You will be glad to know that I am preaching on 2 Samuel 7 and David’s humble response to the David Covenant and God’s grace. Last week we talked about the gospel going to all the nations but this week just marveling at the grace of God to foolish sinners like us. I pray that God will bless your preaching.

3 Likes

Yes, absolutely. He applies the word as we have to do.

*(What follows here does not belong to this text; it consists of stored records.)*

definition uniquely_weakly_clean :: "'r::ring_1 set \<Rightarrow> bool" where
  "uniquely_weakly_clean I \<longleftrightarrow> (\<forall>x. \<exists>!e. e \<in> Idem \<and> (x - e \<in> I \<or> x + e \<in> I))"

definition ext_add :: "'r::ring_1 \<times> 'v::ab_group_add \<Rightarrow> 'r \<times> 'v \<Rightarrow> 'r \<times> 'v" where
  "ext_add x y = (fst x + fst y, snd x + snd y)"

definition ext_sub :: "'r::ring_1 \<times> 'v::ab_group_add \<Rightarrow> 'r \<times> 'v \<Rightarrow> 'r \<times> 'v" where
  "ext_sub x y = (fst x - fst y, snd x - snd y)"

definition ext_mult ::
  "('r::ring_1 \<Rightarrow> 'v::ab_group_add \<Rightarrow> 'v) \<Rightarrow> ('v \<Rightarrow> 'r \<Rightarrow> 'v) \<Rightarrow> ('v \<Rightarrow> 'v \<Rightarrow> 'v)
     \<Rightarrow> 'r \<times> 'v \<Rightarrow> 'r \<times> 'v \<Rightarrow> 'r \<times> 'v" where
  "ext_mult lm rm mv x y =
     (fst x * fst y, lm (fst x) (snd y) + rm (snd x) (fst y) + mv (snd x) (snd y))"

definition ext_is_ideal ::
  "('r::ring_1 \<Rightarrow> 'v::ab_group_add \<Rightarrow> 'v) \<Rightarrow> ('v \<Rightarrow> 'r \<Rightarrow> 'v) \<Rightarrow> ('v \<Rightarrow> 'v \<Rightarrow> 'v)
     \<Rightarrow> ('r \<times> 'v) set \<Rightarrow> bool" where
  "ext_is_ideal lm rm mv J \<longleftrightarrow> (0, 0) \<in> J \<and> (\<forall>a\<in>J. \<forall>b\<in>J. ext_sub a b \<in> J) \<and>
     (\<forall>a\<in>J. \<forall>s. ext_mult lm rm mv s a \<in> J \<and> ext_mult lm rm mv a s \<in> J)"

definition ext_Idem ::
  "('r::ring_1 \<Rightarrow> 'v::ab_group_add \<Rightarrow> 'v) \<Rightarrow> ('v \<Rightarrow> 'r \<Rightarrow> 'v) \<Rightarrow> ('v \<Rightarrow> 'v \<Rightarrow> 'v)
     \<Rightarrow> ('r \<times> 'v) set" where
  "ext_Idem lm rm mv = {e. ext_mult lm rm mv e e = e}"

definition ext_uniquely_weakly_clean ::
  "('r::ring_1 \<Rightarrow> 'v::ab_group_add \<Rightarrow> 'v) \<Rightarrow> ('v \<Rightarrow> 'r \<Rightarrow> 'v) \<Rightarrow> ('v \<Rightarrow> 'v \<Rightarrow> 'v)
     \<Rightarrow> ('r \<times> 'v) set \<Rightarrow> bool" where
  "ext_uniquely_weakly_clean lm rm mv J \<longleftrightarrow>
     (\<forall>x. \<exists>!e. e \<in> ext_Idem lm rm mv \<and> (ext_sub x e \<in> J \<or> ext_add x e \<in> J))"

end

theory Submission
  imports Defs "HOL.Modules"
begin

text \<open>Let e be idempotent in R. The elements (e, e v (1 - e)) and (e, (1 - e) v e) of
  S = I(R;V) are idempotents whose V-parts square to zero. If S is uniquely weakly J-clean,
  every square-zero element (0, w) lies in J, since an idempotent differing from it by an element
  of J lies in J itself and so competes with 0. Uniqueness then identifies both idempotents
  with (e, 0), which says e v = e v e = v e. Conversely, once idempotents of R act centrally on
  the idempotent-free V, the only idempotents of S are the pairs (e, 0), and weak cleanness passes
  from I to I \<times> V and from J back to {r. (r, 0) \<in> J}.\<close>

lemma uniquely_weakly_clean_unique:
  assumes "uniquely_weakly_clean I"
    and "e \<in> Idem" "x - e \<in> I \<or> x + e \<in> I"
    and "e' \<in> Idem" "x - e' \<in> I \<or> x + e' \<in> I"
  shows "e = e'"
  using assms unfolding uniquely_weakly_clean_def by blast

lemma ext_uniquely_weakly_clean_unique:
  assumes "ext_uniquely_weakly_clean lm rm mv J"
    and "h \<in> ext_Idem lm rm mv" "ext_sub x h \<in> J \<or> ext_add x h \<in> J"
    and "h' \<in> ext_Idem lm rm mv" "ext_sub x h' \<in> J \<or> ext_add x h' \<in> J"
  shows "h = h'"
  using assms unfolding ext_uniquely_weakly_clean_def by blast

locale ideal_extension =
  fixes lm :: "'r::ring_1 \<Rightarrow> 'v::ab_group_add \<Rightarrow> 'v"
    and rm :: "'v \<Rightarrow> 'r \<Rightarrow> 'v"
    and mv :: "'v \<Rightarrow> 'v \<Rightarrow> 'v"
  assumes bimodule_ring: "bimodule_ring lm rm mv"
begin

lemma
  shows lm_add: "lm r (v + w) = lm r v + lm r w"
    and lm_add_left: "lm (r + s) v = lm r v + lm s v"
    and lm_mult: "lm (r * s) v = lm r (lm s v)"
    and lm_one [simp]: "lm 1 v = v"
    and rm_add: "rm (v + w) r = rm v r + rm w r"
    and rm_add_right: "rm v (r + s) = rm v r + rm v s"
    and rm_mult: "rm v (r * s) = rm (rm v r) s"
    and rm_one [simp]: "rm v 1 = v"
    and rm_lm: "rm (lm r v) s = lm r (rm v s)"
    and mv_add_right: "mv u (v + w) = mv u v + mv u w"
    and mv_add_left: "mv (u + v) w = mv u w + mv v w"
    and mv_lm: "mv (lm r v) w = lm r (mv v w)"
    and mv_rm: "mv (rm v r) w = mv v (lm r w)"
    and rm_mv: "rm (mv v w) r = mv v (rm w r)"
  using bimodule_ring unfolding bimodule_ring_def by simp_all

lemma additive_lm: "additive (lm r)"
  by unfold_locales (rule lm_add)
lemma additive_lm_left: "additive (\<lambda>r. lm r v)"
  by unfold_locales (rule lm_add_left)
lemma additive_rm: "additive (\<lambda>v. rm v r)"
  by unfold_locales (rule rm_add)
lemma additive_rm_right: "additive (rm v)"
  by unfold_locales (rule rm_add_right)
lemma additive_mv: "additive (mv u)"
  by unfold_locales (rule mv_add_right)
lemma additive_mv_left: "additive (\<lambda>u. mv u w)"
  by unfold_locales (rule mv_add_left)

lemmas lm_zero [simp] = additive.zero[OF additive_lm]
  and lm_zero_left [simp] = additive.zero[OF additive_lm_left]
  and rm_zero [simp] = additive.zero[OF additive_rm]
  and rm_zero_right [simp] = additive.zero[OF additive_rm_right]
  and mv_zero [simp] = additive.zero[OF additive_mv]
  and lm_minus = additive.minus[OF additive_lm]
  and mv_minus = additive.minus[OF additive_mv]
  and mv_minus_left = additive.minus[OF additive_mv_left]
  and lm_diff = additive.diff[OF additive_lm]
  and lm_diff_left = additive.diff[OF additive_lm_left]
  and rm_diff = additive.diff[OF additive_rm]
  and rm_diff_right = additive.diff[OF additive_rm_right]
  and mv_diff = additive.diff[OF additive_mv]
  and mv_diff_left = additive.diff[OF additive_mv_left]

abbreviation ext_times where "ext_times \<equiv> ext_mult lm rm mv"

lemma ext_mult_diff_left: "ext_times (ext_sub a b) c = ext_sub (ext_times a c) (ext_times b c)"
  by (simp add: ext_mult_def ext_sub_def lm_diff_left rm_diff mv_diff_left algebra_simps)

lemma ext_mult_diff_right: "ext_times c (ext_sub a b) = ext_sub (ext_times c a) (ext_times c b)"
  by (simp add: ext_mult_def ext_sub_def lm_diff rm_diff_right mv_diff algebra_simps)

lemma ext_Idem_iff: "(e, u) \<in> ext_Idem lm rm mv \<longleftrightarrow> e * e = e \<and> lm e u + rm u e + mv u u = u"
  by (auto simp: ext_Idem_def ext_mult_def)

lemma idempotent_in_ideal_of_square_zero:
  assumes J: "ext_is_ideal lm rm mv J"
    and xx: "ext_times x x = (0, 0)" and hh: "ext_times h h = h" and xh: "ext_sub x h \<in> J"
  shows "h \<in> J"
proof -
  \<comment> \<open>with j = x - h: h = h h = (x - j) h and x h = x (x - j) = - x j\<close>
  define j where "j = ext_sub x h"
  have h: "h = ext_sub x j"
    by (simp add: j_def ext_sub_def)
  have "ext_times x h = ext_sub (0, 0) (ext_times x j)"
    using ext_mult_diff_right xx h by metis
  then have "ext_times x h \<in> J"
    using J xh unfolding ext_is_ideal_def j_def by metis
  moreover have "ext_times j h \<in> J"
    using J xh unfolding ext_is_ideal_def j_def by blast
  moreover have "h = ext_sub (ext_times x h) (ext_times j h)"
    using hh h ext_mult_diff_left by metis
  ultimately show ?thesis
    using J unfolding ext_is_ideal_def by metis
qed

lemma square_zero_in_ideal:
  assumes J: "ext_is_ideal lm rm mv J" and U: "ext_uniquely_weakly_clean lm rm mv J"
    and ww: "mv w w = 0"
  shows "(0, w) \<in> J"
proof -
  have J0: "(0, 0) \<in> J" and J_sub: "\<And>a b. a \<in> J \<Longrightarrow> b \<in> J \<Longrightarrow> ext_sub a b \<in> J"
    using J unfolding ext_is_ideal_def by blast+
  obtain h where h: "h \<in> ext_Idem lm rm mv" "ext_sub (0, w) h \<in> J \<or> ext_add (0, w) h \<in> J"
    using U unfolding ext_uniquely_weakly_clean_def by blast
  have hh: "ext_times h h = h"
    using h(1) by (simp add: ext_Idem_def)
  have "h \<in> J"
    using h(2)
  proof
    assume "ext_sub (0, w) h \<in> J"
    then show "h \<in> J"
      using idempotent_in_ideal_of_square_zero[OF J _ hh, of "(0, w)"] ww by (simp add: ext_mult_def)
  next
    assume "ext_add (0, w) h \<in> J"
    then have "ext_sub (0, 0) (ext_add (0, w) h) \<in> J"
      using J_sub[OF J0] by blast
    then have "ext_sub (0, - w) h \<in> J"
      by (simp add: ext_sub_def ext_add_def)
    then show "h \<in> J"
      using idempotent_in_ideal_of_square_zero[OF J _ hh, of "(0, - w)"] ww
      by (simp add: ext_mult_def mv_minus mv_minus_left)
  qed
  then have "ext_sub (0, 0) h \<in> J"
    using J_sub[OF J0] by blast
  moreover have "ext_sub (0, 0) (0, 0) \<in> J"
    using J0 by (simp add: ext_sub_def)
  moreover have "(0, 0) \<in> ext_Idem lm rm mv"
    by (simp add: ext_Idem_iff)
  ultimately have "h = (0, 0)"
    using ext_uniquely_weakly_clean_unique[OF U h(1)] by blast
  then show ?thesis
    using h(2) by (simp add: ext_sub_def ext_add_def)
qed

But he does not apply the word comprehensively every time. I’d be a fool to say there are not practial outworkings of the cross of Jesus Christ. Undoubtedly. But some sermons are doctrinal and lightly applicational because we want people to believe the theology as a foundation before they begin to attempt to walk in the theology without believing the foundation.

4 Likes

No disagreements with that brother.

1 Like

I think we are in agreement that we also wouldn’t want a particular application to swallow up the doctrinal truth it flows from. We don’t want someone so focused on a skinny branch that they miss the tree.

2 Likes

You’ll forgive me. I am just a simple baptist, after all. :slight_smile:

Yes, that. I don’t want a church full of people who are enthralled with talking about the lordship of Jesus Christ over the nations, and somehow miss the implications of their sin, and fall short of glory. “See to it that no one fails to obtain the grace of God” (Heb. 12:15) is the interest of our ministry. But I do not mean to create the dichotomy that you’ve framed. I truly don’t.

Amen. And notably absent from the epistles is any outline of how to Christianize the world through any other means but the basic insistence on Jesus Christ crucified, as Pastor Dionne is insisting. The living out of the instruction given to the elect exiles via the epistles presupposes that the audience has been converted from the heart (yes, yes, mixed audience, regenerate and unregenerate, I get it). We short circuit everything when we want to extrapolate “Christian society” from these instructions, and leave behind the simple gospel call. Men. Must. Be. Born. Again.

Anyway, the exchange above made me laugh. I love you guys. :slight_smile:

Since we’re all sharing our preaching plans, you’ll appreciate this. My next task is to teach our men’s Bible study on Tuesday morning, where I’ll be picking up at Proverbs 22:11. “He who loves purity of heart, and whose speech is gracious, will have the king as his friend.” Isn’t that funny? All this talk about gospel, and now I have to go talk about how godly living produces good favor with the civil magistrate. :smiley:

4 Likes

And you have to determine your context: Are the men you are teaching more likely to want their authorities as friends or as enemies? What has their speech produced to this point? Likely, it’s a mixed bag–some complain bitterly, some acquiesce.